Recording, monitoring and reviewing controls

Fraud and corruption threats evolve very quickly and organisations must be agile and willing to change their approach to deal with these evolutions as and when they emerge. Therefore, it is essential that fraud and corruption risks are carefully monitored. This requires clear accountability for the management of risk, i.e. fraud and corruption risks related to an entity’s programs, functions or activities should be ‘owned’ by the relevant officials who are accountable for those programs, functions or activities. 

Risk owners are responsible for monitoring and reporting on their fraud and corruption risks and making sure that controls are developed and implemented in a timely manner. Functional control plans support risk owners to actively manage and oversee risk, and help ensure risks continue to be appropriately and proportionately managed within pre-defined levels of risk appetite or tolerance.

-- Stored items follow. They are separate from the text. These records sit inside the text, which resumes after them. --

(* The Nielsen–Schreier theorem — "for every set $A$ and every subgroup $H$ of the free group $F_A$ on $A$, there exists a subset of $H$ that freely generates $H$" — is false in the internal logic of the topos of nominal sets.
   Context: Work in a classical metatheory. Fix a countably infinite set $\mathbb{A}$ and let $\mathrm{Perm}(\mathbb{A})$ be the group of finitely supported permutations of $\mathbb{A}$ (bijections $\pi$ with $\pi(a)=a$ for all but finitely many $a$). For a $\mathrm{Perm}(\mathbb{A})$-set $(X,\cdot)$, a subset $S\subseteq\mathbb{A}$ supports $x\in X$ if $\pi\cdot x = x$ for every $\pi$ fixing all elements of $S$. The topos of nominal sets is the full subcategory of $\mathrm{Perm}(\mathbb{A})$-sets in which every element has a finite support. Free groups are understood in the usual sense (reduced words); a subset freely generates a group if the induced homomorphism from the free group on that subset is an isomorphism. *)

theory Defs
  imports "HOL-Algebra.Group" "HOL-Algebra.Generated_Groups"
begin

type_synonym atom = nat

definition fsperm :: "(atom \<Rightarrow> atom) \<Rightarrow> bool" where
  "fsperm \<pi> \<longleftrightarrow> bij \<pi> \<and> finite {a. \<pi> a \<noteq> a}"

definition perm_set :: "'x set \<Rightarrow> ((atom \<Rightarrow> atom) \<Rightarrow> 'x \<Rightarrow> 'x) \<Rightarrow> bool" where
  "perm_set X act \<longleftrightarrow>
     (\<forall>\<pi> x. fsperm \<pi> \<and> x \<in> X \<longrightarrow> act \<pi> x \<in> X) \<and>
     (\<forall>x\<in>X. act id x = x) \<and>
     (\<forall>\<pi> \<sigma> x. fsperm \<pi> \<and> fsperm \<sigma> \<and> x \<in> X \<longrightarrow> act (\<pi> \<circ> \<sigma>) x = act \<pi> (act \<sigma> x))"

definition supports :: "((atom \<Rightarrow> atom) \<Rightarrow> 'x \<Rightarrow> 'x) \<Rightarrow> atom set \<Rightarrow> 'x \<Rightarrow> bool" where
  "supports act S x \<longleftrightarrow> (\<forall>\<pi>. fsperm \<pi> \<and> (\<forall>a\<in>S. \<pi> a = a) \<longrightarrow> act \<pi> x = x)"
(* Let $b'>\delta$ be fixed. For a query $\mathbf Q=(\mathbf q,v)$ with $v\in(0,\infty)$, put $b=\sqrt{v/2}$, $P(\mathbf Q)=\frac{\gamma b'}{b(b'-\delta)}\sum_{i=1}^nc_i|q_i|$, $s_i=\gamma|q_i|$, $s_i'=\frac{\gamma b'\delta|q_i|}{b(b'-\delta)}$, and define the randomized price and micro-payments $\pi(\mathbf Q)=\mathcal K'_{\mathbf Q}(\mathbf c)=P(\mathbf Q)+\rho'$, and $\mu_i(\mathbf Q)=\left(\frac{s_i}{b}+\frac{s_i'}{b'}\right)c_i+\frac{\pi(\mathbf Q)-P(\mathbf Q)}{n}$ for $i=1,\ldots,n$. Then the framework is balanced in expectation, namely: (a) $\mathbf Q\mapsto\mathbb E[\pi(\mathbf Q)]$ is arbitrage-free; (b) for each $i$, if $q_i=0$ then $\mathbb E[\mu_i(\mathbf Q)]=0$; (c) for each $i$, $\mathbf Q\mapsto\mathbb E[\mu_i(\mathbf Q)]$ is arbitrage-free; (d) $\sum_{i=1}^n\mathbb E[\mu_i(\mathbf Q)]\le\mathbb E[\pi(\mathbf Q)]$ for every query $\mathbf Q$; (e) for each $i$ and every query $\mathbf Q$, $\mathbb E[\mu_i(\mathbf Q)]\ge c_i\,(\varepsilon_i(\mathcal K_{\mathbf Q})+\varepsilon_i(\mathcal K'_{\mathbf Q}))$.
   Context: Fix a bounded $X\subseteq\mathbb R$, $\gamma=\sup_{x\in X}|x|$; data items $x_i\in X$, databases $\mathbf x\in X^n$. Each owner $i$ has a linear contract $W_i(\varepsilon)=c_i\varepsilon$ with constant $c_i\in Y$, where $Y\subseteq[0,\infty)$ is bounded and $\delta=\sup_{c\in Y}|c|$; $\mathbf c=(c_1,\ldots,c_n)\in Y^n$. For a vector $\mathbf z$, $\mathbf z^{(i)}$ denotes $\mathbf z$ with the $i$-th coordinate set to $0$. Queries are pairs $\mathbf Q=(\mathbf q,v)$ with $\mathbf q\in\mathbb R^n$, $v\in(0,\infty)$; $b=\sqrt{v/2}$. $\mathrm{Lap}(\beta)$ is the distribution with density $\frac{1}{2\beta}e^{-|t|/\beta}$. The query mechanism is $\mathcal K_{\mathbf Q}(\mathbf x)=\mathbf q\cdot\mathbf x+\rho$ with $\rho\sim\mathrm{Lap}(b)$; the price mechanism is $\mathcal K'_{\mathbf Q}(\mathbf c)=\frac{\gamma b'}{b(b'-\delta)}\sum_ic_i|q_i|+\rho'$ with $\rho'\sim\mathrm{Lap}(b')$, independent of $\rho$. Privacy losses: $\varepsilon_i(\mathcal K_{\mathbf Q})=\sup_{S,\mathbf x\in X^n}\left|\log\frac{\Pr[\mathcal K_{\mathbf Q}(\mathbf x)\in S]}{\Pr[\mathcal K_{\mathbf Q}(\mathbf x^{(i)})\in S]}\right|$ and $\varepsilon_i(\mathcal K'_{\mathbf Q})=\sup_{S,\mathbf c\in Y^n}\left|\log\frac{\Pr[\mathcal K'_{\mathbf Q}(\mathbf c)\in S]}{\Pr[\mathcal K'_{\mathbf Q}(\mathbf c^{(i)})\in S]}\right|$, suprema also over measurable $S\subseteq\mathbb R$. The determinacy relation $\mathbf S\rightarrow\mathbf Q$ is the smallest relation satisfying: (Summation) $\{(\mathbf q_1,v_1),\ldots,(\mathbf q_k,v_k)\}\rightarrow(\sum_j\mathbf q_j,\sum_jv_j)$; (Scalar multiplication) $\{(\mathbf q,v)\}\rightarrow(c\mathbf q,c^2v)$ for $c\in\mathbb R$; (Relaxation) $\{(\mathbf q,v)\}\rightarrow(\mathbf q,v')$ for $v\le v'$; (Transitivity) if $\mathbf S_j\rightarrow\mathbf Q_j$ for all $j$ and $\{\mathbf Q_1,\ldots,\mathbf Q_k\}\rightarrow\mathbf Q$ then $\mathbf S_1\uplus\cdots\uplus\mathbf S_k\rightarrow\mathbf Q$. A real function $g$ on queries with $v\in(0,\infty)$ is arbitrage-free if for every $m\ge1$ and such queries with $\{\mathbf Q_1,\ldots,\mathbf Q_m\}\rightarrow\mathbf Q$, $g(\mathbf Q)\le\sum_jg(\mathbf Q_j)$. *)

theory Defs
  imports "HOL-Probability.Probability"
begin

Key features of a control plan

Existing controls

Control plans should document the existing preventative, detective and corrective controls that are in place to address the identified risks. This should include a clear description of how these controls mitigate the risks.     

Accepted treatments

Control plans should document further treatments that risk and control owners have agreed to implement. This should include a clear description of how the treatment will further mitigate the risks, implementation information and timeframes.    

Control owners

Control plans should also identify the owner of each control or treatment. This creates accountability for control owners to monitor and report on the implementation, testing (where relevant), and effectiveness of controls.

Review and oversight mechanisms in a control plan

Control plans should include review and oversight mechanisms to enable entities to regularly evaluate the effectiveness of control plans. This is particularly important following changes in business processes or systems, or after instances of fraud and corruption have been discovered. 

Effective governance arrangement and internal feedback mechanisms ensure risk and control owners have an up-to-date understanding of their threat and risk environment, allowing them to: 

• update risk assessments to address emerging risks and vulnerabilities
• strengthen control frameworks to prevent and mitigate future incidents
• develop indicators to support proactive detection activities
• enhance the efficiency of business processes.

This can help ensure that control systems remain appropriate, cost-effective and proportionate to the actual fraud and corruption risks being addressed.

Reviewing control effectiveness

Global studies consistently reveal that weak controls lead to more fraud and corruption than any other factor. The effectiveness of controls can also degrade over time. For example:

• Fraudsters and corrupt actors are committed adversaries, continually developing new and novel ways to beat the controls organisation put in place to counter them. In some circumstances this can involve professional facilitators who help criminals develop sophisticated schemes.
• New enablers for fraud and corruption can emerge which can make traditional controls less effective, e.g. the prevalence of compromised identify information has rendered traditional identity authentication controls ineffective.
• Organisational change and digital transformation can also make public bodies vulnerable to losing oversight of risks and weakened control environments.^xxiii
• New technology and innovations also create opportunities to replace original controls with new, more cost-effective controls – increasing efficiency and improving user experience.^xxiv

The effectiveness of controls also has a direct influence on residual risk – that is, the likelihood, frequency, duration and impact of fraud and corruption occurring. Control testing should also be prioritised towards critical controls. Critical controls have the greatest effect on preventing the risk from happening or mitigating the consequences of the risk event.

The Commonwealth Fraud and Corruption Control Framework includes requirements for entities to periodically review control effectiveness. This involves gathering information and data to determine whether a control is functioning as intended. However, examining the effectiveness of fraud and corruption controls includes an additional consideration: accounting for the variable of a dishonest actor. 

The IPSFF Fraud Control Testing Framework sets out recommended best practice, key principles and materials for conducting fraud control testing within public sector organisations. 
The framework contains a suite of procedural guides, tools and templates to support officials to apply consistent and leading practice approaches to fraud and corruption control testing, including:

• procedural guides for undertaking Targeted Control Assessments and Control Environment Assessments
• a Pressure Testing Sub-framework for undertaking technical or covert testing
• a business process mapping template and instructions on how to map business processes and apply a fraud lens to identify vulnerabilities in the process, and  
• a variety of planning, activity and reporting templates.